(* There exist functions $f_n\colon\mathbb R^2\to\mathbb R$, $n\in\mathbb N$, such that the family $\{f_n(x,\cdot):n\in\mathbb N\}$ is equi-Baire 1 for every $x\in\mathbb R$ and the family $\{f_n(\cdot,y):n\in\mathbb N\}$ is equi-Baire 1 for every $y\in\mathbb R$, but for no nonmeager $G_\delta$ set $A\subseteq\mathbb R$ (in particular, for no comeager $G_\delta$ set $A$) is the family $\{f_n|_{A\times\mathbb R}:n\in\mathbb N\}$ equi-Baire 1 on $A\times\mathbb R$. Specifically, one can take $f_n=g$ for all $n$, where $g$ is the characteristic function of $\{(x,x):x\in B\}$ for a Bernstein set $B\subseteq\mathbb R$.
   Context: For metric spaces $(X,\rho)$, $(Y,d)$, a family $\mathcal F\subseteq Y^X$ is equi-Baire 1 if for every $\varepsilon>0$ there is $\delta_\varepsilon\colon X\to(0,\infty)$ such that for all $x,y\in X$ and all $f\in\mathcal F$, $\rho(x,y)<\min\{\delta_\varepsilon(x),\delta_\varepsilon(y)\}$ implies $d(f(x),f(y))<\varepsilon$. A Bernstein set is a set $B\subseteq\mathbb R$ such that both $B$ and $\mathbb R\setminus B$ meet every uncountable closed subset of $\mathbb R$. $\mathbb R^2$ and subsets carry the Euclidean metric. *)

theory Defs
  imports "HOL-Analysis.Analysis"
begin
lemma card_ranking_le_delete_sellers:
  assumes "finite E" and "inj_on x (snd ` E)" and "finite D"
  shows "card (ranking E x bs) \<le> card (ranking (delete_sellers E D) x bs) + card D"
proof -
  let ?A = "fst (ranking_state E x bs)" and ?A' = "fst (ranking_state (delete_sellers E D) x bs)"
  have "?A \<subseteq> ?A' \<union> D" and "finite ?A'"
    using seller_deletion_rel_ranking_state[OF assms(1,2), of D bs]
    by (auto simp: seller_deletion_rel_def)
  then have "card ?A \<le> card (?A' \<union> D)"
    using assms(3) by (intro card_mono) simp_all
  also have "\<dots> \<le> card ?A' + card D" by (rule card_Un_le)
  finally show ?thesis
    by (simp add: card_matched_sellers assms(1) finite_delete_sellers)
qed

lemma ranking_delete_sellers_partner:
  assumes "finite E" and "inj_on x (snd ` E)" and "(b, s') \<in> ranking (delete_sellers E D) x bs"
  shows "\<exists>s. (b, s) \<in> ranking E x bs \<and> x s \<le> x s'"
  using seller_deletion_rel_ranking_state[OF assms(1,2), of D bs] assms(3)
  by (simp add: seller_deletion_rel_def ranking_eq_snd_ranking_state)

lemma restrict_buyers_step:
  fixes x :: "'s \<Rightarrow> real" and E :: "('b \<times> 's) set"
  assumes fin: "finite E" and inj: "inj_on x (snd ` E)" and AA': "fst st' \<subseteq> fst st"
  shows "fst (ranking_step (restrict_buyers E B') x b st') \<subseteq> fst (ranking_step E x b st)"
proof -
  obtain A M A' M' where st: "st = (A, M)" and st': "st' = (A', M')" by fastforce
  have mono: "A \<subseteq> fst (ranking_step E x b (A, M))" using ranking_step_mono[of "(A, M)"] by simp
  show ?thesis
  using finite_restrict_buyers[OF fin]
  proof (cases rule: ranking_step_cases[of "restrict_buyers E B'" b A' x M'])
    case no_free_nbr
    then show ?thesis using AA' mono by (simp add: st st')
  next
    case match': (match s')
    have "s' \<in> fst (ranking_step E x b (A, M))"
    proof (cases "s' \<in> A")
      case False
      have "b \<in> B'" "(b, s') \<in> E"
        using match'(1) by (simp_all add: free_nbrs_def restrict_buyers_def)
      then have sub: "free_nbrs E b A \<subseteq> free_nbrs (restrict_buyers E B') b A'"
        using AA' by (auto simp: free_nbrs_def restrict_buyers_def st st')
      have s'_free: "s' \<in> free_nbrs E b A"
        using False \<open>(b, s') \<in> E\<close> by (simp add: free_nbrs_def)
      show ?thesis
      using fin proof (cases rule: ranking_step_cases[of E b A x M])
        case no_free_nbr
        then show ?thesis using s'_free by blast
      next
        case (match s)
        have "x s = x s'"
          using match(2)[OF s'_free] match'(2)[OF subsetD[OF sub match(1)]] by simp
        moreover have "s \<in> snd ` E" "s' \<in> snd ` E"
          using match(1) s'_free free_nbrs_subset[of E b A] by blast+
        ultimately have "s = s'" using inj by (simp add: inj_on_eq_iff)
        then show ?thesis using match(3) by simp
      qed
    qed (use mono in blast)
    then show ?thesis using AA' mono match'(3) by (simp add: st st')
  qed
qed

lemma card_ranking_restrict_buyers_le:
  assumes "finite E" and "inj_on x (snd ` E)"
  shows "card (ranking (restrict_buyers E B') x bs) \<le> card (ranking E x bs)"
proof -
  have "fst (ranking_state (restrict_buyers E B') x bs) \<subseteq> fst (ranking_state E x bs)"
    unfolding ranking_state_def
    by (rule fold_simulation[where R = "\<lambda>st st'. fst st \<subseteq> fst st'"])
      (simp_all add: restrict_buyers_step[OF assms])
  moreover have "finite (fst (ranking_state E x bs))"
    using finite_ranking[OF assms(1)] by (simp add: matched_sellers_ranking_state[OF assms(1)])
  ultimately have "card (fst (ranking_state (restrict_buyers E B') x bs)) \<le> card (fst (ranking_state E x bs))"
    by (intro card_mono)
  then show ?thesis
    by (simp add: card_matched_sellers assms(1) finite_restrict_buyers)
qed
lemma finite_bh_indices: "finite (bh_indices b \<alpha> t)"
  using finite_subset[OF bh_indices_subset] by blast

lemma bh_indices_cong:
  "(\<And>l. l < b \<Longrightarrow> t l = t' l) \<Longrightarrow> bh_indices b \<alpha> t = bh_indices b \<alpha> t'"
  unfolding bh_indices_def by (simp cong: conj_cong)

lemma bh_index_in_bh_indices:
  "bh_indices b \<alpha> t \<noteq> {} \<Longrightarrow> bh_index b \<alpha> t \<in> bh_indices b \<alpha> t"
  unfolding bh_index_def using finite_bh_indices by (rule Max_in)

lemma one_in_bh_indices_fun_upd_zero:
  assumes "0 < \<alpha>" and "i < b"
  shows "1 \<in> bh_indices b \<alpha> (t(i := 0))"
proof -
  have "{i} \<subseteq> {l \<in> {..<b}. (t(i := 0)) l \<le> real 1 * \<alpha> / real b}"
    using assms by auto
  from card_mono[OF _ this] show ?thesis
    unfolding bh_indices_def using assms by auto
qed

lemma bh_index_fun_upd_zero:
  assumes ne: "bh_indices b \<alpha> t \<noteq> {}" and "0 < \<alpha>"
    and ti: "t i \<le> real (bh_index b \<alpha> t) * \<alpha> / real b"
  shows "bh_index b \<alpha> (t(i := 0)) = bh_index b \<alpha> t"
proof -
  define B where "B = bh_index b \<alpha> t"
  have same_above: "k \<in> bh_indices b \<alpha> (t(i := 0)) \<longleftrightarrow> k \<in> bh_indices b \<alpha> t" if "B \<le> k" for k
  proof -
    have "real B * \<alpha> / real b \<le> real k * \<alpha> / real b"
      using that \<open>0 < \<alpha>\<close> by (intro divide_right_mono mult_right_mono) auto
    then have "{l \<in> {..<b}. (t(i := 0)) l \<le> real k * \<alpha> / real b} = {l \<in> {..<b}. t l \<le> real k * \<alpha> / real b}"
      using ti \<open>0 < \<alpha>\<close> unfolding B_def by auto
    then show ?thesis unfolding bh_indices_def by simp
  qed
  have "B \<in> bh_indices b \<alpha> (t(i := 0))"
    using same_above bh_index_in_bh_indices[OF ne] unfolding B_def by simp
  moreover have "k \<le> B" if "k \<in> bh_indices b \<alpha> (t(i := 0))" for k
    using same_above[of k] that finite_bh_indices unfolding B_def bh_index_def by force
  ultimately have "Max (bh_indices b \<alpha> (t(i := 0))) = B"
    using finite_bh_indices by (intro Max_eqI) auto
  then show ?thesis unfolding B_def bh_index_def .
qed

text \<open>The leave-one-out index B_i; it does not depend on block i.\<close>

definition bh_index_without :: "nat \<Rightarrow> (nat \<Rightarrow> nat) \<Rightarrow> real \<Rightarrow> (nat \<Rightarrow> nat \<Rightarrow> real) \<Rightarrow> nat \<Rightarrow> nat" where
  "bh_index_without b s \<alpha> p i = bh_index b \<alpha> ((block_p b s p)(i := 0))"

lemma bh_index_without_mem:
  assumes "0 < \<alpha>" and "i < b"
  shows "bh_index_without b s \<alpha> p i \<in> {1..b}"
  using bh_index_in_bh_indices one_in_bh_indices_fun_upd_zero[OF assms] bh_indices_subset
  unfolding bh_index_without_def by blast

lemma total_n_ge_block_size: "l < b \<Longrightarrow> s l \<le> total_n b s"
  unfolding total_n_def by (rule member_le_sum) auto

lemma total_n_ge_num_blocks: "(\<And>l. l < b \<Longrightarrow> 1 \<le> s l) \<Longrightarrow> b \<le> total_n b s"
  unfolding total_n_def using sum_mono[of "{..<b}" "\<lambda>_. 1::nat" s] by simp

lemma block_p_le_iff:
  assumes "l < b" and "1 \<le> s l"
  shows "block_p b s p l \<le> c \<longleftrightarrow> (\<exists>j<s l. p l j \<le> c * real b / real (total_n b s))"
proof -
  have pos: "0 < real b" "0 < real (total_n b s)"
    using assms total_n_ge_block_size[of l b s] by auto
  have ps: "{p l j | j. j < s l} = (\<lambda>j. p l j) ` {..<s l}" by auto
  have "block_p b s p l \<le> c \<longleftrightarrow> Min {p l j | j. j < s l} \<le> c * real b / real (total_n b s)"
    unfolding block_p_def using pos by (simp add: field_simps)
  also have "\<dots> \<longleftrightarrow> (\<exists>j<s l. p l j \<le> c * real b / real (total_n b s))"
    unfolding ps using assms(2) by (subst Min_le_iff) (auto simp: lessThan_empty_iff)
  finally show ?thesis .
qed

lemma block_p_cong: "(\<And>j. j < s l \<Longrightarrow> p l j = q l j) \<Longrightarrow> block_p b s p l = block_p b s q l"
  unfolding block_p_def by (metis (no_types, lifting))
(* Let $X=\{x_1,\dots,x_n\}$ be a finite biquandle and let $K_1,K_2$ be virtual knotoid diagrams. Then for all $i,k\in\{1,\dots,n\}$, \[\Phi_{X_{ik}}^{\mathbb{Z}}(K_1K_2)=\sum_{j=1}^{n}\Phi_{X_{ij}}^{\mathbb{Z}}(K_1)\,\Phi_{X_{jk}}^{\mathbb{Z}}(K_2).\]
   Context: A virtual knotoid diagram is an immersed oriented open curve in $S^2$ (oriented from the tail endpoint to the head endpoint) with finitely many transversal double points, each a classical crossing (with over/under information) or a virtual crossing. Product: for virtual knotoid diagrams $K_1,K_2$ in $S^2$ with tails $t_1,t_2$ and heads $h_1,h_2$, let $U$ be a disk neighborhood of $h_1$ meeting $K_1$ in a radius and $V$ a disk neighborhood of $t_2$ meeting $K_2$ in a radius. $K_1K_2$ is obtained by gluing $S^2\setminus\mathrm{Int}(U)$ and $S^2\setminus\mathrm{Int}(V)$ along a homeomorphism $\partial U\to\partial V$ sending the point $K_1\cap\partial U$ to $K_2\cap\partial V$; it is a virtual knotoid diagram in $S^2$ with tail $t_1$ and head $h_2$. A biquandle is a set $X$ with binary operations $\underline{\triangleright},\overline{\triangleright}$ such that for all $x,y,z$: $x\underline{\triangleright}x=x\overline{\triangleright}x$; the maps $x\mapsto x\overline{\triangleright}y$, $x\mapsto x\underline{\triangleright}y$ and $(x,y)\mapsto(y\overline{\triangleright}x,\,x\underline{\triangleright}y)$ are invertible; and $(x\underline{\triangleright}y)\underline{\triangleright}(z\underline{\triangleright}y)=(x\underline{\triangleright}z)\underline{\triangleright}(y\overline{\triangleright}z)$, $(x\underline{\triangleright}y)\overline{\triangleright}(z\underline{\triangleright}y)=(x\overline{\triangleright}z)\underline{\triangleright}(y\overline{\triangleright}z)$, $(x\overline{\triangleright}y)\overline{\triangleright}(z\overline{\triangleright}y)=(x\overline{\triangleright}z)\overline{\triangleright}(y\underline{\triangleright}z)$. Semi-arcs are the pieces into which crossings cut the curve; the tail (head) semi-arc contains the tail (head). An $X$-coloring assigns an element of $X$ to each semi-arc such that at each classical crossing, drawn with both strands oriented upward, incoming lower-left and lower-right colors $x,y$ give outgoing upper-left and upper-right colors $y\overline{\triangleright}x$ and $x\underline{\triangleright}y$, and at virtual crossings colors pass through unchanged. An $X_{ij}$-coloring is an $X$-coloring with tail semi-arc colored $x_i$ and head semi-arc colored $x_j$; $\Phi_{X_{ij}}^{\mathbb{Z}}(K)$ denotes the number of $X_{ij}$-colorings of $K$. *)

theory Defs
  imports Main
begin

text \<open>un x y stands for x underline-triangle y, ov x y for x overline-triangle y.\<close>

definition biquandle :: "('x \<Rightarrow> 'x \<Rightarrow> 'x) \<Rightarrow> ('x \<Rightarrow> 'x \<Rightarrow> 'x) \<Rightarrow> bool" where
  "biquandle un ov \<longleftrightarrow>
     (\<forall>x. un x x = ov x x) \<and>
     (\<forall>y. bij (\<lambda>x. ov x y)) \<and>
     (\<forall>y. bij (\<lambda>x. un x y)) \<and>
     bij (\<lambda>(x, y). (ov y x, un x y)) \<and>
     (\<forall>x y z. un (un x y) (un z y) = un (un x z) (ov y z)) \<and>
     (\<forall>x y z. ov (un x y) (un z y) = un (ov x z) (ov y z)) \<and>
     (\<forall>x y z. ov (ov x y) (ov z y) = ov (ov x z) (un y z))"

text \<open>A virtual knotoid diagram is encoded by its Gauss code: the list of passages through
classical crossings met when travelling from the tail to the head.  A passage is a triple
(c, l, o): c is the label of the classical crossing, l is True iff this strand is the one
entering the crossing at the lower left (when both strands are drawn pointing upward),
and o is True iff this strand is the over-strand.  Virtual crossings do not change colours
and are therefore not recorded.  Semi-arc number i (0 \<le> i \<le> length K) is the piece of
the curve after the i-th passage; semi-arc 0 is the tail semi-arc and semi-arc (length K)
the head semi-arc.\<close>

type_synonym gauss_code = "(nat \<times> bool \<times> bool) list"

definition wf_knotoid :: "gauss_code \<Rightarrow> bool" where
  "wf_knotoid K \<longleftrightarrow>
     (\<forall>c \<in> fst ` set K.
        length (filter (\<lambda>e. fst e = c) K) = 2 \<and>
        (\<exists>p q o1 o2. p < length K \<and> q < length K \<and>
            K ! p = (c, True, o1) \<and> K ! q = (c, False, o2) \<and> o1 \<noteq> o2))"

text \<open>Number used to shift crossing labels so that the two factors of a product have
disjoint labels.\<close>
definition label_bound :: "gauss_code \<Rightarrow> nat" where
  "label_bound K = (if K = [] then 0 else Suc (Max (fst ` set K)))"

definition knotoid_prod :: "gauss_code \<Rightarrow> gauss_code \<Rightarrow> gauss_code" where
  "knotoid_prod K1 K2 = K1 @ map (\<lambda>(c, l, v). (c + label_bound K1, l, v)) K2"

text \<open>An X-colouring: a list of colours of the semi-arcs, satisfying the crossing rule:
incoming lower-left colour x (semi-arc p) and lower-right colour y (semi-arc q) give
upper-right colour un x y (semi-arc p+1, continuing the lower-left strand) and
upper-left colour ov y x (semi-arc q+1, continuing the lower-right strand).\<close>
definition is_coloring ::
  "('x \<Rightarrow> 'x \<Rightarrow> 'x) \<Rightarrow> ('x \<Rightarrow> 'x \<Rightarrow> 'x) \<Rightarrow> gauss_code \<Rightarrow> 'x list \<Rightarrow> bool" where
  "is_coloring un ov K cs \<longleftrightarrow>
     length cs = Suc (length K) \<and>
     (\<forall>p q. p < length K \<and> q < length K \<and> fst (K ! p) = fst (K ! q) \<and>
            fst (snd (K ! p)) \<and> \<not> fst (snd (K ! q)) \<longrightarrow>
              cs ! Suc p = un (cs ! p) (cs ! q) \<and> cs ! Suc q = ov (cs ! q) (cs ! p))"

definition Phi ::
  "('x \<Rightarrow> 'x \<Rightarrow> 'x) \<Rightarrow> ('x \<Rightarrow> 'x \<Rightarrow> 'x) \<Rightarrow> 'x \<Rightarrow> 'x \<Rightarrow> gauss_code \<Rightarrow> nat" where
  "Phi un ov a b K =
     card {cs. is_coloring un ov K cs \<and> cs ! 0 = a \<and> cs ! length K = b}"

end

theory Submission
  imports Defs
begin

text \<open>Gluing the head semi-arc of K1 to the tail semi-arc of K2 makes them a single semi-arc of
K1K2, and since the crossings of the two factors carry disjoint labels, the crossing conditions
of K1K2 split into those of K1 and those of K2.  So a colouring of K1K2 whose middle semi-arc
has colour x is the same as a pair of colourings of K1 ending in x and of K2 starting in x;
summing over x gives the formula.\<close>

lemma all_less_add_split:
  fixes m n :: nat
  shows "(\<forall>p < m + n. P p) \<longleftrightarrow> (\<forall>p < m. P p) \<and> (\<forall>p < n. P (m + p))"
proof (intro iffI conjI allI impI)
  fix p
  assume "(\<forall>p < m. P p) \<and> (\<forall>p < n. P (m + p))" and "p < m + n"
  then show "P p"
    by (cases "p < m") (auto dest!: spec[of _ "p - m"])
qed simp_all

lemma is_coloring_append:
  assumes disjoint_labels: "fst ` set K1 \<inter> fst ` set K2 = {}"
  shows "is_coloring un ov (K1 @ K2) cs \<longleftrightarrow>
           length cs = Suc (length K1 + length K2) \<and>
           is_coloring un ov K1 (take (Suc (length K1)) cs) \<and>
           is_coloring un ov K2 (drop (length K1) cs)"
proof (cases "length cs = Suc (length K1 + length K2)")
  case True
  have mixed: "fst (K1 ! p) \<noteq> fst (K2 ! q)" if "p < length K1" "q < length K2" for p q
    using disjoint_labels that by (auto dest!: nth_mem)
  have bounded_pairs: "\<And>N A B. (\<forall>p q. p < N \<and> q < N \<and> A p q \<longrightarrow> B p q) \<longleftrightarrow>
                                   (\<forall>p<N. \<forall>q<N. A p q \<longrightarrow> B p q)"
    by blast
  from True show ?thesis
    unfolding is_coloring_def length_append bounded_pairs all_less_add_split
    by (simp add: nth_append mixed mixed[symmetric])
next
  case False
  then show ?thesis
    unfolding is_coloring_def length_append by blast
qed

lemma is_coloring_relabel:
  assumes "inj f"
  shows "is_coloring un ov (map (apfst f) K) cs \<longleftrightarrow> is_coloring un ov K cs"
  using assms unfolding is_coloring_def by (simp add: inj_eq cong: conj_cong)

definition colorings ::
  "('x \<Rightarrow> 'x \<Rightarrow> 'x) \<Rightarrow> ('x \<Rightarrow> 'x \<Rightarrow> 'x) \<Rightarrow> 'x \<Rightarrow> 'x \<Rightarrow> gauss_code \<Rightarrow> 'x list set" where
  "colorings un ov a b K = {cs. is_coloring un ov K cs \<and> cs ! 0 = a \<and> cs ! length K = b}"

lemma Phi_eq_card_colorings: "Phi un ov a b K = card (colorings un ov a b K)"
  unfolding Phi_def colorings_def ..

lemma length_colorings: "cs \<in> colorings un ov a b K \<Longrightarrow> length cs = Suc (length K)"
  unfolding colorings_def is_coloring_def by simp

lemma finite_colorings: "finite (colorings un ov a b (K :: gauss_code) :: 'x::finite list set)"
proof (rule finite_subset)
  show "colorings un ov a b K \<subseteq> {cs. set cs \<subseteq> UNIV \<and> length cs = Suc (length K)}"
    by (auto dest: length_colorings)
qed (rule finite_lists_length_eq, simp)

lemma Phi_relabel: "inj f \<Longrightarrow> Phi un ov a b (map (apfst f) K) = Phi un ov a b K"
  unfolding Phi_def by (simp add: is_coloring_relabel)

lemma take_drop_append_tl:
  assumes "length xs = Suc n" and "ys \<noteq> []" and "xs ! n = ys ! 0"
  shows "take (Suc n) (xs @ tl ys) = xs" and "drop n (xs @ tl ys) = ys"
proof -
  show "take (Suc n) (xs @ tl ys) = xs" using assms(1) by simp
  have "drop n xs = [xs ! n]"
    using assms(1) Cons_nth_drop_Suc[of n xs] by simp
  then show "drop n (xs @ tl ys) = ys" using assms by (cases ys) auto
qed

lemma bij_betw_colorings_append:
  assumes "fst ` set K1 \<inter> fst ` set K2 = {}"
  shows "bij_betw (\<lambda>cs. (take (Suc (length K1)) cs, drop (length K1) cs))
           {cs \<in> colorings un ov a b (K1 @ K2). cs ! length K1 = x}
           (colorings un ov a x K1 \<times> colorings un ov x b K2)"
proof (rule bij_betw_byWitness[where f' = "\<lambda>(cs1, cs2). cs1 @ tl cs2"])
  let ?n1 = "length K1"
  have split_coloring:
    "cs \<in> colorings un ov a b (K1 @ K2) \<and> cs ! ?n1 = x \<longleftrightarrow>
       length cs = Suc (?n1 + length K2) \<and>
       take (Suc ?n1) cs \<in> colorings un ov a x K1 \<and> drop ?n1 cs \<in> colorings un ov x b K2"
    for cs
    using assms by (auto simp: colorings_def is_coloring_append)
  have glue: "take (Suc ?n1) (cs1 @ tl cs2) = cs1 \<and> drop ?n1 (cs1 @ tl cs2) = cs2 \<and>
              length (cs1 @ tl cs2) = Suc (?n1 + length K2)"
    if "cs1 \<in> colorings un ov a x K1" and "cs2 \<in> colorings un ov x b K2" for cs1 cs2
  proof -
    have lengths: "length cs1 = Suc ?n1" "length cs2 = Suc (length K2)"
      using that by (auto dest: length_colorings)
    moreover have "cs1 ! ?n1 = cs2 ! 0"
      using that by (simp add: colorings_def)
    moreover have "cs2 \<noteq> []"
      using lengths by auto
    ultimately show ?thesis
      using take_drop_append_tl[of cs1 ?n1 cs2] by simp
  qed
  show "\<forall>cs \<in> {cs \<in> colorings un ov a b (K1 @ K2). cs ! ?n1 = x}.
          (\<lambda>(cs1, cs2). cs1 @ tl cs2) (take (Suc ?n1) cs, drop ?n1 cs) = cs"
    by (simp add: tl_drop flip: drop_Suc)
  show "\<forall>c \<in> colorings un ov a x K1 \<times> colorings un ov x b K2.
          (\<lambda>cs. (take (Suc ?n1) cs, drop ?n1 cs)) ((\<lambda>(cs1, cs2). cs1 @ tl cs2) c) = c"
    using glue by auto
  show "(\<lambda>cs. (take (Suc ?n1) cs, drop ?n1 cs)) ` {cs \<in> colorings un ov a b (K1 @ K2). cs ! ?n1 = x}
          \<subseteq> colorings un ov a x K1 \<times> colorings un ov x b K2"
    using split_coloring by auto
  show "(\<lambda>(cs1, cs2). cs1 @ tl cs2) ` (colorings un ov a x K1 \<times> colorings un ov x b K2)
          \<subseteq> {cs \<in> colorings un ov a b (K1 @ K2). cs ! ?n1 = x}"
  proof (rule image_subsetI, clarify)
    fix cs1 cs2
    assume "cs1 \<in> colorings un ov a x K1" and "cs2 \<in> colorings un ov x b K2"
    then show "cs1 @ tl cs2 \<in> colorings un ov a b (K1 @ K2) \<and> (cs1 @ tl cs2) ! ?n1 = x"
      using split_coloring[of "cs1 @ tl cs2"] glue[of cs1 cs2] by simp
  qed
qed

lemma Phi_append:
  fixes un ov :: "'x::finite \<Rightarrow> 'x \<Rightarrow> 'x"
  assumes "fst ` set K1 \<inter> fst ` set K2 = {}"
  shows "Phi un ov a b (K1 @ K2) = (\<Sum>x\<in>UNIV. Phi un ov a x K1 * Phi un ov x b K2)"
proof -
  let ?fiber = "\<lambda>x. {cs \<in> colorings un ov a b (K1 @ K2). cs ! length K1 = x}"
  have "colorings un ov a b (K1 @ K2) = (\<Union>x. ?fiber x)"
    by auto
  also have "card \<dots> = (\<Sum>x\<in>UNIV. card (?fiber x))"
    by (rule card_UN_disjoint) (auto intro: finite_colorings[THEN rev_finite_subset])
  finally have "Phi un ov a b (K1 @ K2) = (\<Sum>x\<in>UNIV. card (?fiber x))"
    by (simp add: Phi_eq_card_colorings)
  also have "\<dots> = (\<Sum>x\<in>UNIV. card (colorings un ov a x K1 \<times> colorings un ov x b K2))"
    using bij_betw_colorings_append[OF assms] by (intro sum.cong refl bij_betw_same_card)
  finally show ?thesis
    by (simp add: Phi_eq_card_colorings card_cartesian_product)
qed

lemma label_less_label_bound: "c \<in> fst ` set K \<Longrightarrow> c < label_bound K"
  unfolding label_bound_def by (auto simp: less_Suc_eq_le)

theorem mainTheorem4:
  fixes un ov :: "'x::finite \<Rightarrow> 'x \<Rightarrow> 'x"
    and K1 K2 :: gauss_code
    and xi xk :: 'x
  assumes "biquandle un ov"
    and "wf_knotoid K1" and "wf_knotoid K2"
  shows "Phi un ov xi xk (knotoid_prod K1 K2) =
         (\<Sum>xj\<in>UNIV. Phi un ov xi xj K1 * Phi un ov xj xk K2)"
proof -
  define shift where "shift = (\<lambda>c. c + label_bound K1)"
  have product: "knotoid_prod K1 K2 = K1 @ map (apfst shift) K2"
    by (simp add: knotoid_prod_def shift_def apfst_def map_prod_def split_def)
  have "c < label_bound K1" if "c \<in> fst ` set K1" for c
    using that by (rule label_less_label_bound)
  moreover have "label_bound K1 \<le> c" if "c \<in> fst ` set (map (apfst shift) K2)" for c
    using that by (auto simp: shift_def)
  ultimately have "fst ` set K1 \<inter> fst ` set (map (apfst shift) K2) = {}"
    by fastforce
  moreover have "inj shift"
    by (simp add: shift_def inj_on_def)
  ultimately show ?thesis
    by (simp add: product Phi_append Phi_relabel)
qed

end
= = = =
YOUR ASSIGNMENT
Every line of the listing that holds "also" should be found and copied.

WRITTEN SOLUTION
  also have "\<dots> \<le> card ?A' + card D" by (rule card_Un_le)
  also have "\<dots> \<longleftrightarrow> (\<exists>j<s l. p l j \<le> c * real b / real (total_n b s))"
  also have "card \<dots> = (\<Sum>x\<in>UNIV. card (?fiber x))"
  also have "\<dots> = (\<Sum>x\<in>UNIV. card (colorings un ov a x K1 \<times> colorings un ov x b K2))"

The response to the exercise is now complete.